Le résultat de tous ces efforts fut une sélection de produits qui, dans l’univers masculin, reste inégalée en Suède. Voire presque dans le monde. La croissance a explosé, le nombre d’employés a été multiplié, et de nouveaux axes se sont ajoutés au modèle d’affaires. Soudain, en plus du e-commerce, nous avions aussi des boutiques physiques et vendions nos propres marques à NK et Åhlens. Lors du dernier exercice, nous avons clôturé avec un chiffre d’affaires de 88 millions.
Mon père est décédé dans un accident de bateau quelques années après la création de Gents. Aujourd’hui encore, j’ai un pincement au cœur lorsque des hommes d’âge mûr (mon père avait 57 ans lorsqu’il est décédé) appellent ou écrivent au service client pour parler de leurs soucis, de la calvitie à la transpiration.
Je sais combien il est difficile et combien il faut de courage pour aborder ces sujets avec un inconnu, surtout à cet âge. Mon père avait pour modèles Winston Churchill et James Bond, et selon lui, ces hommes éternellement masculins n’avaient certainement pas besoin d’aide cosmétique pour entrer dans la légende.
On ne voit peut-être pas ce qui se passe en coulisses, mais la vérité est que ces héros ont en réalité bénéficié de beaucoup d’aide esthétique. J’ai récemment trouvé une photo de Sean Connery, sans maquillage ni coiffure, où il ressemble à n’importe quel monsieur suédois à la retraite. Une information qui a quelque peu ébranlé ma vision du monde, je l’avoue.
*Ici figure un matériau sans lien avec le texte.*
definition mink_diff :: "nat \<Rightarrow> (nat \<Rightarrow> real) set \<Rightarrow> (nat \<Rightarrow> real) set \<Rightarrow> (nat \<Rightarrow> real) set" where
  "mink_diff n A B = {restrict (\<lambda>i. a i - b i) {..<n} | a b. a \<in> A \<and> b \<in> B}"

definition convex_body_n :: "nat \<Rightarrow> (nat \<Rightarrow> real) set \<Rightarrow> bool" where
  "convex_body_n n K \<longleftrightarrow>
     K \<subseteq> Rn n
   \<and> (\<forall>x\<in>K. \<forall>y\<in>K. \<forall>t::real. 0 \<le> t \<and> t \<le> 1 \<longrightarrow>
         restrict (\<lambda>i. (1 - t) * x i + t * y i) {..<n} \<in> K)
   \<and> (\<exists>R. \<forall>x\<in>K. \<forall>i<n. \<bar>x i\<bar> \<le> R)
   \<and> (\<exists>x\<in>K. \<exists>e>0. \<forall>y\<in>Rn n. (\<forall>i<n. \<bar>y i - x i\<bar> < e) \<longrightarrow> y \<in> K)"

end

(* For d = a + b in A + B, every u in b + int B satisfies u/2 \<in> B (the midpoint of b and u - b)
   and d - u = a - (u - b) \<in> int (A - B).  Counting the pairs (u, d) with u \<in> 2B, d \<in> A + B and
   d - u \<in> A - B in both orders (Tonelli) gives |A + B| |B| \<le> |2B| |A - B| = 2^n |B| |A - B|,
   so C = 2 works.  Convex bodies are Lebesgue measurable with the volume of their interior:
   a homothety of ratio t < 1 centred at an interior point maps the closure into the interior,
   so the boundary has measure at most (1 - t^n) |closure K| for every t < 1. *)

theory Submission
  imports Defs
begin

abbreviation lborel_n :: "nat \<Rightarrow> (nat \<Rightarrow> real) measure" where
  "lborel_n n \<equiv> PiM {..<n} (\<lambda>_. lborel)"

interpretation lborel_n: product_sigma_finite "\<lambda>_::nat. lborel :: real measure"
  by standard

lemma space_lborel_n: "space (lborel_n n) = Rn n"
  by (simp add: space_PiM Rn_def)

lemma restrict_in_Rn [simp]: "restrict f {..<n} \<in> Rn n"
  by (simp add: Rn_def)

lemma restrict_eq_RnI:
  assumes "y \<in> Rn n" and "\<And>i. i < n \<Longrightarrow> f i = y i"
  shows "restrict f {..<n} = y"
  using assms by (auto simp: Rn_def PiE_def extensional_def)

definition homothety :: "nat \<Rightarrow> real \<Rightarrow> (nat \<Rightarrow> real) \<Rightarrow> (nat \<Rightarrow> real) \<Rightarrow> (nat \<Rightarrow> real)" where
  "homothety n c z x = restrict (\<lambda>i. c * x i + z i) {..<n}"

definition diff_n :: "nat \<Rightarrow> (nat \<Rightarrow> real) \<Rightarrow> (nat \<Rightarrow> real) \<Rightarrow> (nat \<Rightarrow> real)" where
  "diff_n n x y = restrict (\<lambda>i. x i - y i) {..<n}"

lemma homothety_measurable [measurable]: "homothety n c z \<in> lborel_n n \<rightarrow>\<^sub>M lborel_n n"
  unfolding homothety_def by measurable

lemma diff_n_measurable [measurable]:
  "(\<lambda>p. diff_n n (snd p) (fst p)) \<in> lborel_n n \<Otimes>\<^sub>M lborel_n n \<rightarrow>\<^sub>M lborel_n n"
  unfolding diff_n_def by measurable

lemma emeasure_lborel_affine_vimage:
  fixes c z :: real
  assumes c: "c > 0" and A: "A \<in> sets borel"
  shows "emeasure lborel ((\<lambda>x. c * x + z) -` A) = ennreal (1 / c) * emeasure lborel A"
proof -
  have "emeasure lborel A = emeasure (density (distr lborel borel (\<lambda>x. z + c * x)) (\<lambda>_. ennreal \<bar>c\<bar>)) A"
    using lborel_real_affine[of c z] c by simp
  also have "\<dots> = ennreal c * emeasure lborel ((\<lambda>x. c * x + z) -` A)"
    using A c by (simp add: emeasure_density emeasure_distr nn_integral_cmult_indicator add.commute)
  finally have "ennreal (1 / c) * emeasure lborel A
      = (ennreal (1 / c) * ennreal c) * emeasure lborel ((\<lambda>x. c * x + z) -` A)"
    by (simp add: mult.assoc)
  also have "ennreal (1 / c) * ennreal c = 1"
    using c by (simp flip: ennreal_mult)
  finally show ?thesis by simp
qed

lemma distr_homothety_lborel_n:
  assumes c: "c > 0"
  shows "scale_measure (ennreal (c ^ n)) (distr (lborel_n n) (lborel_n n) (homothety n c z)) = lborel_n n"
proof (rule lborel_n.PiM_eqI)
  fix A :: "nat \<Rightarrow> real set"
  assume A: "\<And>i. i \<in> {..<n} \<Longrightarrow> A i \<in> sets lborel"
  have affine_sets: "(\<lambda>x. c * x + z i) -` A i \<in> sets borel" if "i < n" for i
    using measurable_sets[of "\<lambda>x. c * x + z i" borel borel "A i"] A that by simp
  have vimage: "homothety n c z -` PiE {..<n} A \<inter> space (lborel_n n)
      = PiE {..<n} (\<lambda>i. (\<lambda>x. c * x + z i) -` A i)"
    by (auto simp: homothety_def space_PiM PiE_iff)
  have "emeasure (scale_measure (ennreal (c ^ n)) (distr (lborel_n n) (lborel_n n) (homothety n c z))) (PiE {..<n} A)
      = ennreal (c ^ n) * emeasure (lborel_n n) (PiE {..<n} (\<lambda>i. (\<lambda>x. c * x + z i) -` A i))"
    using A by (simp add: emeasure_distr vimage[symmetric] sets_PiM_I_finite)
  also have "\<dots> = ennreal (c ^ n) * (\<Prod>i<n. ennreal (1 / c) * emeasure lborel (A i))"
    using A c affine_sets by (subst lborel_n.emeasure_PiM) (auto simp: emeasure_lborel_affine_vimage)
  also have "\<dots> = (ennreal (c ^ n) * ennreal (1 / c) ^ n) * (\<Prod>i<n. emeasure lborel (A i))"
    by (simp add: prod.distrib mult.assoc)
  also have "ennreal (c ^ n) * ennreal (1 / c) ^ n = 1"
    using c by (simp add: power_mult_distrib[symmetric] flip: ennreal_power ennreal_mult)
  finally show "emeasure (scale_measure (ennreal (c ^ n)) (distr (lborel_n n) (lborel_n n) (homothety n c z))) (PiE {..<n} A)
      = (\<Prod>i<n. emeasure lborel (A i))"
    by simp
qed simp_all

lemma emeasure_homothety_vimage:
  assumes c: "c > 0" and S: "S \<in> sets (lborel_n n)"
  shows "emeasure (lborel_n n) (homothety n c z -` S \<inter> Rn n) = ennreal ((1 / c) ^ n) * emeasure (lborel_n n) S"
proof -
  have "emeasure (lborel_n n) S = ennreal (c ^ n) * emeasure (lborel_n n) (homothety n c z -` S \<inter> Rn n)"
    using arg_cong[OF distr_homothety_lborel_n[OF c, of n z], of "\<lambda>M. emeasure M S"] S
    by (simp add: emeasure_distr space_lborel_n)
  then have "ennreal ((1 / c) ^ n) * emeasure (lborel_n n) S
      = (ennreal ((1 / c) ^ n) * ennreal (c ^ n)) * emeasure (lborel_n n) (homothety n c z -` S \<inter> Rn n)"
    by (simp add: mult.assoc)
  also have "ennreal ((1 / c) ^ n) * ennreal (c ^ n) = 1"
    using c by (simp add: power_mult_distrib[symmetric] flip: ennreal_mult)
  finally show ?thesis by simp
qed

lemma vimage_diff_n_eq_homothety:
  "{x \<in> Rn n. diff_n n x u \<in> S} = homothety n 1 (\<lambda>i. - u i) -` S \<inter> Rn n"
  by (auto simp: diff_n_def homothety_def)

lemma sets_vimage_diff_n:
  "S \<in> sets (lborel_n n) \<Longrightarrow> {x \<in> Rn n. diff_n n x u \<in> S} \<in> sets (lborel_n n)"
  using measurable_sets[OF homothety_measurable, of S n 1 "\<lambda>i. - u i"]
  by (simp add: vimage_diff_n_eq_homothety space_lborel_n)

lemma emeasure_vimage_diff_n:
  "S \<in> sets (lborel_n n) \<Longrightarrow> emeasure (lborel_n n) {x \<in> Rn n. diff_n n x u \<in> S} = emeasure (lborel_n n) S"
  unfolding vimage_diff_n_eq_homothety by (simp add: emeasure_homothety_vimage)

lemma emeasure_mult_le_double_counting:
  assumes [measurable]: "P \<in> sets (lborel_n n)" "D \<in> sets (lborel_n n)" "T \<in> sets (lborel_n n)" "E \<in> sets (lborel_n n)"
    and cover: "\<And>d. d \<in> P \<Longrightarrow> \<exists>b. \<forall>u\<in>Rn n. diff_n n u b \<in> T \<longrightarrow> u \<in> E \<and> diff_n n d u \<in> D"
  shows "emeasure (lborel_n n) P * emeasure (lborel_n n) T \<le> emeasure (lborel_n n) E * emeasure (lborel_n n) D"
proof -
  let ?M = "lborel_n n"
  interpret finite_product_sigma_finite "\<lambda>_. lborel :: real measure" "{..<n}"
    by standard simp
  interpret pair_sigma_finite ?M ?M ..
  define f where "f u d = indicator E u * indicator P d * (indicator D (diff_n n d u) :: ennreal)" for u d
  have f_measurable: "case_prod f \<in> borel_measurable (?M \<Otimes>\<^sub>M ?M)"
    unfolding f_def case_prod_beta by measurable
  have lower: "indicator P d * emeasure ?M T \<le> (\<integral>\<^sup>+ u. f u d \<partial>?M)" for d
  proof (cases "d \<in> P")
    case True
    then obtain b where b: "\<And>u. u \<in> Rn n \<Longrightarrow> diff_n n u b \<in> T \<Longrightarrow> u \<in> E \<and> diff_n n d u \<in> D"
      using cover by blast
    have "emeasure ?M T = (\<integral>\<^sup>+ u. indicator {u \<in> Rn n. diff_n n u b \<in> T} u \<partial>?M)"
      by (simp add: emeasure_vimage_diff_n sets_vimage_diff_n)
    also have "\<dots> \<le> (\<integral>\<^sup>+ u. f u d \<partial>?M)"
      using b True by (intro nn_integral_mono) (auto simp: f_def indicator_def)
    finally show ?thesis using True by simp
  qed simp
  have upper: "(\<integral>\<^sup>+ d. f u d \<partial>?M) \<le> indicator E u * emeasure ?M D" for u
  proof -
    have "(\<integral>\<^sup>+ d. f u d \<partial>?M) \<le> (\<integral>\<^sup>+ d. indicator E u * indicator {d \<in> Rn n. diff_n n d u \<in> D} d \<partial>?M)"
      by (intro nn_integral_mono) (auto simp: f_def indicator_def space_lborel_n)
    also have "\<dots> = indicator E u * emeasure ?M D"
      by (subst nn_integral_cmult_indicator) (simp_all add: emeasure_vimage_diff_n sets_vimage_diff_n)
    finally show ?thesis .
  qed
  have "emeasure ?M P * emeasure ?M T = (\<integral>\<^sup>+ d. indicator P d * emeasure ?M T \<partial>?M)"
    by (simp add: nn_integral_multc)
  also have "\<dots> \<le> (\<integral>\<^sup>+ d. (\<integral>\<^sup>+ u. f u d \<partial>?M) \<partial>?M)"
    by (intro nn_integral_mono lower)
  also have "\<dots> = (\<integral>\<^sup>+ u. (\<integral>\<^sup>+ d. f u d \<partial>?M) \<partial>?M)"
    by (rule Fubini'[OF f_measurable])
  also have "\<dots> \<le> (\<integral>\<^sup>+ u. indicator E u * emeasure ?M D \<partial>?M)"
    by (intro nn_integral_mono upper)
  also have "\<dots> = emeasure ?M E * emeasure ?M D"
    by (simp add: nn_integral_multc)
  finally show ?thesis .
qed

definition cube :: "nat \<Rightarrow> (nat \<Rightarrow> real) \<Rightarrow> real \<Rightarrow> (nat \<Rightarrow> real) set" where
  "cube n x e = {y \<in> Rn n. \<forall>i<n. \<bar>y i - x i\<bar> < e}"

definition interior_n :: "nat \<Rightarrow> (nat \<Rightarrow> real) set \<Rightarrow> (nat \<Rightarrow> real) set" where
  "interior_n n S = {x \<in> Rn n. \<exists>e>0. cube n x e \<subseteq> S}"

definition closure_n :: "nat \<Rightarrow> (nat \<Rightarrow> real) set \<Rightarrow> (nat \<Rightarrow> real) set" where
  "closure_n n S = {x \<in> Rn n. \<forall>e>0. cube n x e \<inter> S \<noteq> {}}"

lemma cube_eq_PiE: "cube n x e = PiE {..<n} (\<lambda>i. {x i - e <..< x i + e})"
  unfolding cube_def Rn_def PiE_def Pi_def extensional_def by (auto simp: abs_less_iff)

lemma sets_cube [measurable]: "cube n x e \<in> sets (lborel_n n)"
  unfolding cube_eq_PiE by (rule sets_PiM_I_finite) auto

lemma emeasure_cube:
  assumes "e > 0"
  shows "emeasure (lborel_n n) (cube n x e) = ennreal ((2 * e) ^ n)"
proof -
  have "emeasure (lborel_n n) (cube n x e) = (\<Prod>i<n. emeasure lborel {x i - e <..< x i + e})"
    unfolding cube_eq_PiE by (subst lborel_n.emeasure_PiM) auto
  also have "\<dots> = ennreal ((2 * e) ^ n)"
    using assms by (simp add: emeasure_lborel_Ioo ennreal_power)
  finally show ?thesis .
qed
lemma triangle_lemma_step:
  assumes n1: "(b, c) \<notin> impl_class E (b, a)" and n2: "(b, c) \<notin> impl_class E (a, c)"
    and ab1: "(a, b1) \<in> impl_class E (a, b)" and c1a: "(c1, a) \<in> impl_class E (c, a)"
    and b1c1: "(b1, c1) \<in> impl_class E (b, c)" and step: "((b1, c1), (b2, c2)) \<in> Gamma E"
  shows "(a, b2) \<in> impl_class E (a, b) \<and> (c2, a) \<in> impl_class E (c, a)"
proof -
  have b2c2: "(b2, c2) \<in> impl_class E (b, c)"
    using b1c1 impl_class_Gamma[OF step] impl_class_trans by blast
  have E: "(a, b1) \<in> E" "(c1, a) \<in> E" "(b1, c1) \<in> E" "(b2, c2) \<in> E"
    using ab1 c1a b1c1 b2c2 impl_class_subset by blast+
  from step consider "b1 = b2" "(c1, c2) \<notin> E" | "c1 = c2" "(b1, b2) \<notin> E"
    unfolding Gamma_def by auto
  then show ?thesis
  proof cases
    case 1
    have "(a, c2) \<in> E"
    proof (rule ccontr)
      assume "(a, c2) \<notin> E"
      then have "((b1, a), (b1, c2)) \<in> Gamma E"
        unfolding Gamma_def using E edge_sym 1 by auto
      then have "(b1, c2) \<in> impl_class E (b, a)"
        using impl_class_swap[OF ab1] impl_class_Gamma impl_class_trans by blast
      then show False
        using n1 b2c2 1 impl_class_sym impl_class_trans by blast
    qed
    then have "((c1, a), (c2, a)) \<in> Gamma E"
      unfolding Gamma_def using E edge_sym 1 by auto
    then show ?thesis
      using ab1 c1a impl_class_Gamma impl_class_trans 1 by blast
  next
    case 2
    have "(a, b2) \<in> E"
    proof (rule ccontr)
      assume "(a, b2) \<notin> E"
      then have "((b2, c1), (a, c1)) \<in> Gamma E"
        unfolding Gamma_def using E edge_sym 2 by auto
      then have "(a, c1) \<in> impl_class E (b, c)"
        using b2c2 2 impl_class_Gamma impl_class_trans by blast
      then show False
        using n2 impl_class_swap[OF c1a] impl_class_sym impl_class_trans by blast
    qed
    then have "((a, b1), (a, b2)) \<in> Gamma E"
      unfolding Gamma_def using E 2 by auto
    then show ?thesis
      using ab1 c1a impl_class_Gamma impl_class_trans 2 by blast
  qed
qed

lemma triangle_lemma:
  assumes "(a, b) \<in> E" "(c, a) \<in> E"
    and "(b, c) \<notin> impl_class E (b, a)" "(b, c) \<notin> impl_class E (a, c)"
    and "(b', c') \<in> impl_class E (b, c)"
  shows "(a, b') \<in> impl_class E (a, b) \<and> (c', a) \<in> impl_class E (c, a)"
proof -
  have "((b, c), (b', c')) \<in> (Gamma E)\<^sup>*"
    using assms(5) unfolding impl_class_def by auto
  then show ?thesis
  proof (induction "(b', c')" arbitrary: b' c' rule: rtrancl_induct)
    case base
    then show ?case
      using assms(1,2) impl_class_refl by blast
  next
    case (step f)
    obtain b1 c1 where f: "f = (b1, c1)"
      by fastforce
    have "(b, c) \<in> E"
      using assms(5) impl_class_sym impl_class_subset by blast
    then have "(b1, c1) \<in> impl_class E (b, c)"
      using step(1) impl_class_refl unfolding f impl_class_def rtrancl_eq_or_trancl by auto
    with step(2,3) show ?case
      using triangle_lemma_step[OF assms(3,4)] unfolding f by blast
  qed
qed

lemma simplex_impl_class_third_vertex:
  assumes T: "simplex V E T" and pq: "p \<in> T" "q \<in> T" "p \<noteq> q"
    and y: "(y0, y1) \<in> impl_class E (p, q)" and z: "z \<in> T" "z \<noteq> p" "z \<noteq> q"
  shows "(z, y0) \<in> impl_class E (z, p) \<and> (y1, z) \<in> impl_class E (q, z)"
proof (rule triangle_lemma[OF _ _ _ _ y])
  show "(z, p) \<in> E" "(q, z) \<in> E"
    using simplex_edge[OF T] pq z by auto
  show "(p, q) \<notin> impl_class E (p, z)"
  proof
    assume "(p, q) \<in> impl_class E (p, z)"
    then have "{p, q} = {p, z}"
      using simplex_color_class_unique[OF T] impl_class_subset_color_class pq z by blast
    then show False
      using z by (auto simp: doubleton_eq_iff)
  qed
  show "(p, q) \<notin> impl_class E (z, q)"
  proof
    assume "(p, q) \<in> impl_class E (z, q)"
    then have "{p, q} = {z, q}"
      using simplex_color_class_unique[OF T] impl_class_subset_color_class pq z by blast
    then show False
      using pq z by (auto simp: doubleton_eq_iff)
  qed
qed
Je suis tout de même heureuse que mon père n’ait jamais eu connaissance de ce détail et ait pu vivre dans l’illusion que certains hommes sont génétiquement beaux et assez virils pour sauter d’un train, pourchasser des bandits à dents d’or et séduire des blondes – tout cela sans interruption pendant deux jours, sans même une goutte de sueur.
Aujourd’hui, je comprends mieux que James possédait sans doute la mère de tous les déodorants, sinon la blonde se serait évanouie sur-le-champ après un contact rapproché avec son aisselle.
Soit.
La plupart d’entre nous apprécient une personne soignée, propre, qui sent bon et prend soin de lui. Et l’homme d’aujourd’hui l’assume pleinement, trouvant sa propre voie et ses propres rituels, loin des codes féminins. J’ai le sentiment que l’époque est révolue où l’homme empruntait en cachette la crème hydratante de sa compagne ou laissait sa femme choisir son parfum (selon ses goûts à elle). Aujourd’hui, des hommes avertis, informés et sûrs d’eux franchissent nos portes, commandent des parfums selon les notes olfactives et discutent de l’angle d’une lame de rasoir avec la précision d’un professeur. Ou expliquent à notre équipe pourquoi l’huile pour barbe contient de l’huile de chardon plutôt que l’huile d’argan marocaine qu’il préfère de loin.
C’est notre quotidien. Mais il fait aussi partie de notre quotidien de croiser l’homme qui, gêné, demande s’il existe une solution pour ses boutons de rasage ou sa faible pousse des cheveux, gêné parce qu’il trouve encore cela embarrassant. Je pense alors à mon père. Et je réponds que la calvitie est un signe de virilité, à porter fièrement.
Mais s’il souhaite malgré tout agir, nous avons ce qu’il lui faut.